シャトー・クリネ ~挑戦とテロワールが織りなす魅力~
洗練されたデザインやアートのように、一杯のワインにもまた、作り手の美意識とたゆまぬ革新のストーリーが宿っています。今回ご紹介するのは、ボルドー・ポムロールの地に誇り高く佇む「シャトー・クリネ」。歴史に甘んじることなく、常に最高峰のクオリティを追求し続けるその真摯な姿勢と、テロワールへの深い敬意が生み出す、ドラマチックなワインの魅力に迫ります。
品質向上に挑み続ける進化するシャトー

19世紀に名声を得たシャトー・クリネは、1980年代初頭、ジャン・ミッシェル・アルコートの登場で劇的な進化を遂げます。彼はグリーン・ハーヴェストや遅摘み法を確立し、カベルネの比率を削減。その功績から『ワインメーカー・オブ・ザ・イヤー』に2度選ばれ、1989年ヴィンテージは『Wine Advocate』で満点評価を獲得しました。
1999年にラボルド家に所有権が渡ると、更なる品質向上へ。環境に配慮した栽培法へ切り替え、除草剤やトラクターの使用を抑えて手作業を重視した結果、健康な土壌が蘇りました。新デザインのブドウ受け場により選果レベルも格段に上がり、現在は最高峰の房のみがセラーへと運ばれます。
ポムロールで最上のテロワール

発酵は木樽で行われ、熟成には新樽、1年樽、ステンレスタンクを使用。約9haの所有畑には『ル・グラン・ヴィーニュ』『ル・アルジル』『ル・プラトー』という羨望の区画が含まれ、20-25hl/haという低収量のメルロも育まれます。清澄・濾過なしで瓶詰めされるファーストラベルの年間生産量は約3,500ケースです。
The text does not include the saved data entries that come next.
lemma Phi_branch_nhd:
  obtains B where "open B" "(0, 0) \<in> B" "B \<subseteq> T" "\<forall>q\<in>B. U q \<noteq> 0 \<and> Phi U q \<in> S \<and> r (Phi U q) = U q / 2"
proof -
  let ?B0 = "T \<inter> Phi U -` S"
  have cont_Phi: "continuous_on T (Phi U)" by (rule holo2_on_imp_continuous_on[OF Phi_holo])
  have "open ?B0" using cont_Phi open_T open_S by (simp add: continuous_open_preimage)
  moreover have "continuous_on ?B0 (\<lambda>q. r (Phi U q))"
    by (rule continuous_on_compose2[OF holo2c_on_imp_continuous_on[OF r_holo]
          continuous_on_subset[OF cont_Phi]]) auto
  moreover have "continuous_on ?B0 (\<lambda>q. U q / 2)"
    by (intro continuous_intros continuous_on_subset[OF holo2c_on_imp_continuous_on[OF U_holo]]) auto
  moreover have "\<forall>q\<in>?B0. (r (Phi U q))\<^sup>2 = (U q / 2)\<^sup>2"
    using r_sqrt U_branch gfun_Phi[OF D_ne F_ne_1 F_ne_half] by auto
  moreover have "Phi U (0, 0) = (0, 0)" by (simp add: Phi_def cscale_def)
  then have "(0, 0) \<in> ?B0" "r (Phi U (0, 0)) = U (0, 0) / 2" "U (0, 0) / 2 \<noteq> 0"
    using r_0 U_0 U_r r_origin_nonzero by auto
  ultimately obtain B where "open B" "(0, 0) \<in> B" "B \<subseteq> ?B0"
      "\<forall>q\<in>B. r (Phi U q) = U q / 2 \<and> U q / 2 \<noteq> 0"
    by (rule branch_agreement_nhd)
  then show ?thesis by (intro that) auto
qed

lemma Psi_local_coord_change:
  obtains N where "local_analytic_coord_change (Psi r) N (0, 0)" "Psi r ` N \<subseteq> T" "N \<subseteq> S"
    "\<forall>p\<in>N. r p \<noteq> 0 \<and> U (Psi r p) = 2 * r p"
proof -
  obtain A where A: "open A" "(0, 0) \<in> A" "A \<subseteq> S"
      "\<forall>p\<in>A. r p \<noteq> 0 \<and> Psi r p \<in> T \<and> U (Psi r p) = 2 * r p"
    by (rule Psi_branch_nhd)
  obtain B where B: "open B" "(0, 0) \<in> B" "B \<subseteq> T"
      "\<forall>q\<in>B. U q \<noteq> 0 \<and> Phi U q \<in> S \<and> r (Phi U q) = U q / 2"
    by (rule Phi_branch_nhd)
  have "A \<subseteq> S \<inter> r -` (- {0})" using A by auto
  then have cont_Psi: "continuous_on A (Psi r)"
    using holo2_on_imp_continuous_on[OF Psi_holo] continuous_on_subset by blast
  have cont_Phi: "continuous_on B (Phi U)"
    using holo2_on_imp_continuous_on[OF Phi_holo] continuous_on_subset B(3) by blast
  let ?N = "A \<inter> Psi r -` B" and ?M = "B \<inter> Phi U -` A"
  have "\<forall>x\<in>A. Phi U (Psi r x) = x" "\<forall>y\<in>B. Psi r (Phi U y) = y"
    using A(4) B(4) Phi_Psi Psi_Phi by auto
  note inverse = local_inverse_restrict[OF A(1) B(1) cont_Psi cont_Phi this]
  have N: "open ?N" "?N \<subseteq> S" "Psi r ` ?N = ?M" "inj_on (Psi r) ?N"
      "\<forall>q\<in>?M. inv_into ?N (Psi r) q = Phi U q"
    using inverse A(3) by auto
  have "holo2_on (Psi r) ?N"
    using N(1,2) A(4) by (intro holo2_on_Psi holo2c_on_subset[OF r_holo]) auto
  moreover have "holo2_on (inv_into ?N (Psi r)) ?M"
    using inverse(2) B(3) N(5) by (intro holo2_on_transform[OF holo2_on_subset[OF Phi_holo]]) auto
  ultimately have "local_analytic_coord_change (Psi r) ?N (0, 0)"
    using N A(2) B(2) inverse(2) unfolding local_analytic_coord_change_def
    by (simp add: Psi_def)
  then show ?thesis using that N A(4) B(3) by blast
qed

lemma Psi_pullback:
  assumes "open N" "N \<subseteq> S" "Psi r ` N \<subseteq> T" "\<forall>q\<in>N. r q \<noteq> 0 \<and> U (Psi r q) = 2 * r q"
    and "p \<in> N" "fst p \<noteq> 0"
  shows "\<exists>\<Psi>'. (Psi r has_derivative \<Psi>') (at p) \<and> bij \<Psi>' \<and> inv \<Psi>' (Xa F U (Psi r p)) = Xbar D F p"
proof -
  obtain z w where p: "p = (z, w)" by (cases p)
  have pS: "p \<in> S" and rp: "r p \<noteq> 0" and Up: "U (Psi r p) = 2 * r p" and PT: "Psi r p \<in> T"
    using assms by auto
  obtain r' where r': "(r has_derivative r') (at p)" using r_holo pS unfolding holo2c_on_def by blast
  obtain U' where U': "(U has_derivative U') (at (Psi r p))" using U_holo PT unfolding holo2c_on_def by blast
  define \<Psi>' where "\<Psi>' = (\<lambda>h. cscale (1 / r p) h - cscale (r' h / (r p)\<^sup>2) p)"
  have dPsi: "(Psi r has_derivative \<Psi>') (at p)"
    unfolding \<Psi>'_def by (rule Psi_has_derivative[OF r' rp])
  have "((\<lambda>q. U q / 2) has_derivative (\<lambda>h. U' h / 2)) (at (Psi r p))"
    using U' by (auto intro!: derivative_eq_intros)
  from has_derivative_cscale[OF this]
  have dPhi: "(Phi U has_derivative (\<lambda>h. cscale (U (Psi r p) / 2) h + cscale (U' h / 2) (Psi r p))) (at (Psi r p))"
    unfolding Phi_def[abs_def] .
  have "bij \<Psi>'"
    by (rule bij_derivative_of_left_inverse[OF dPsi dPhi assms(1,5)]) (use assms(4) Phi_Psi in auto)
  moreover have "r' h = gfun_diff D F p h / (2 * r p)" for h
    by (rule derivative_of_square_root[OF open_S pS _ rp r' gfun_has_derivative]) (use r_sqrt in auto)
  then have "\<Psi>' (Xbar D F p) = Xa F U (Psi r p)"
    using Psi_pullback_Xbar[OF D_ne F_ne_1 F_ne_half, of z "r p" w U] assms(6) rp r_sqrt pS Up
    by (simp add: \<Psi>'_def p Psi_def power2_eq_square)
  ultimately have "inv \<Psi>' (Xa F U (Psi r p)) = Xbar D F p"
    by (metis bij_is_inj inv_f_f)
  with dPsi \<open>bij \<Psi>'\<close> show ?thesis by blast
qed

end

lemma Ibar_has_derivative:
  assumes "fst p \<noteq> 0" "B \<notin> \<real>\<^sub>\<le>\<^sub>0" "B = 1 + 2 * of_real F * gfun D F p / (fst p)\<^sup>2"
    and "a = - 1 / (2 * complex_of_real F)"
  shows "(Ibar D F has_derivative (\<lambda>h. snd p / fst p * (a * B powr (a - 1)
      * (2 * of_real F * (gfun_diff D F p h * fst p - 2 * gfun D F p * fst h) / fst p ^ 3))
    + (snd h * fst p - snd p * fst h) / (fst p)\<^sup>2 * B powr a)) (at p)"
proof -
  have "((\<lambda>q. 1 + 2 * of_real F * gfun D F q / (fst q)\<^sup>2) has_derivative
      (\<lambda>h. 2 * of_real F * (gfun_diff D F p h * (fst p)\<^sup>2 - gfun D F p * (2 * fst p * fst h))
        / ((fst p)\<^sup>2)\<^sup>2)) (at p)"
    using assms(1) by (auto intro!: derivative_eq_intros gfun_has_derivative simp: power2_eq_square algebra_simps)
  then have "((\<lambda>q. 1 + 2 * of_real F * gfun D F q / (fst q)\<^sup>2) has_derivative
      (\<lambda>h. 2 * of_real F * (gfun_diff D F p h * fst p - 2 * gfun D F p * fst h) / fst p ^ 3)) (at p)"
    by (rule has_derivative_eq_rhs)
       (use assms(1) in \<open>auto simp: fun_eq_iff field_simps power2_eq_square power3_eq_cube\<close>)
  from has_derivative_compose[OF this has_field_derivative_imp_has_derivative[OF
      has_field_derivative_powr[OF assms(2)[unfolded assms(3)], of a]]]
  have dpow: "((\<lambda>q. (1 + 2 * of_real F * gfun D F q / (fst q)\<^sup>2) powr a) has_derivative (\<lambda>h. a * B powr (a - 1)
      * (2 * of_real F * (gfun_diff D F p h * fst p - 2 * gfun D F p * fst h) / fst p ^ 3))) (at p)"
    by (simp add: assms(3))
  have dquot: "((\<lambda>q. snd q / fst q) has_derivative
      (\<lambda>h. (snd h * fst p - snd p * fst h) / (fst p)\<^sup>2)) (at p)"
    using assms(1) by (auto intro!: derivative_eq_intros simp: power2_eq_square)
  have "Ibar D F = (\<lambda>q. snd q / fst q * (1 + 2 * of_real F * gfun D F q / (fst q)\<^sup>2) powr a)"
    by (auto simp: Ibar_def assms(4) fun_eq_iff)
  then show ?thesis
    using has_derivative_mult[OF dquot dpow] by (simp only: assms(3))
qed
section \<open>The damped GHZ state\<close>

text \<open>Damping acts independently on the qubits of \<open>|1\<^sup>n\<rangle>\<close>: qubit \<open>i\<close> stays excited with
  amplitude \<open>sqrt (1 - g i)\<close> and decays with amplitude \<open>sqrt (g i)\<close>, so \<open>|x\<rangle>\<close> is reached with
  amplitude \<open>branch_amp n g x\<close>.\<close>

definition branch_prob :: "nat \<Rightarrow> (nat \<Rightarrow> real) \<Rightarrow> nat set \<Rightarrow> real" where
  "branch_prob n g x = (\<Prod>i<n. if i \<in> x then 1 - g i else g i)"

definition branch_amp :: "nat \<Rightarrow> (nat \<Rightarrow> real) \<Rightarrow> nat set \<Rightarrow> real" where
  "branch_amp n g x = (\<Prod>i<n. if i \<in> x then sqrt (1 - g i) else sqrt (g i))"

definition damped_ghz :: "nat \<Rightarrow> real \<Rightarrow> real \<Rightarrow> (nat \<Rightarrow> real) \<Rightarrow> nat set \<Rightarrow> nat set \<Rightarrow> real" where
  "damped_ghz n a b g x y =
     (if x = y then b\<^sup>2 * branch_prob n g x + (if x = {} then a\<^sup>2 else 0) else 0)
     + (if (x = {} \<and> y = {..<n}) \<or> (x = {..<n} \<and> y = {}) then a * b * branch_amp n g {..<n} else 0)"

lemma branch_amp_sq:
  assumes "\<forall>i<n. 0 \<le> g i \<and> g i \<le> 1"
  shows "branch_amp n g x * branch_amp n g x = branch_prob n g x"
  unfolding branch_amp_def branch_prob_def prod.distrib[symmetric]
  by (rule prod.cong) (use assms in auto)

lemma branch_amp_full: "branch_amp n g {..<n} = sqrt (\<Prod>i<n. 1 - g i)"
  unfolding branch_amp_def prod_sqrt[symmetric] by (rule prod.cong) auto

lemma branch_prob_empty: "branch_prob n g {} = (\<Prod>i<n. g i)"
  by (simp add: branch_prob_def)

lemma branch_prob_full: "branch_prob n g {..<n} = (\<Prod>i<n. 1 - g i)"
  unfolding branch_prob_def by (rule prod.cong) auto

lemma branch_amp_nonneg: "\<forall>i<n. 0 \<le> g i \<and> g i \<le> 1 \<Longrightarrow> branch_amp n g x \<ge> 0"
  unfolding branch_amp_def by (intro prod_nonneg) auto

lemma branch_prob_nonneg: "\<forall>i<n. 0 \<le> g i \<and> g i \<le> 1 \<Longrightarrow> branch_prob n g x \<ge> 0"
  unfolding branch_prob_def by (intro prod_nonneg) auto

lemma sum_branch_prob: "(\<Sum>x\<in>basis n. branch_prob n g x) = 1"
proof -
  have "(\<Sum>x\<in>basis n. branch_prob n g x)
      = (\<Sum>x\<in>Pow {..<n}. \<Prod>i<n. (\<lambda>i c. if c then 1 - g i else g i) i (i \<in> x))"
    unfolding branch_prob_def basis_def by simp
  also have "\<dots> = 1"
    by (subst sum_Pow_prod) simp
  finally show ?thesis .
qed

lemma branch_prob_complement:
  assumes "A \<subseteq> {..<n}"
  shows "branch_prob n g A * branch_prob n g ({..<n} - A) = (\<Prod>i<n. g i) * (\<Prod>i<n. 1 - g i)"
  unfolding branch_prob_def prod.distrib[symmetric] by (rule prod.cong) (use assms in auto)

lemma damped_ghz_diag:
  assumes "n \<ge> 1"
  shows "damped_ghz n a b g x x = b\<^sup>2 * branch_prob n g x + (if x = {} then a\<^sup>2 else 0)"
  using empty_neq_lessThan[OF assms] by (auto simp: damped_ghz_def)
一方、セカンドの「フルール・ド・クリネ」はソフトな口当たりで、瓶詰め直後から楽しめるポムロールの入門に最適な一杯。年間約300~1000ケース生産されケース生産され、2016年ヴィンテージからは100%自社畑のブドウを使用するなど、セカンドの概念を超える独自のスタイルを確立しています。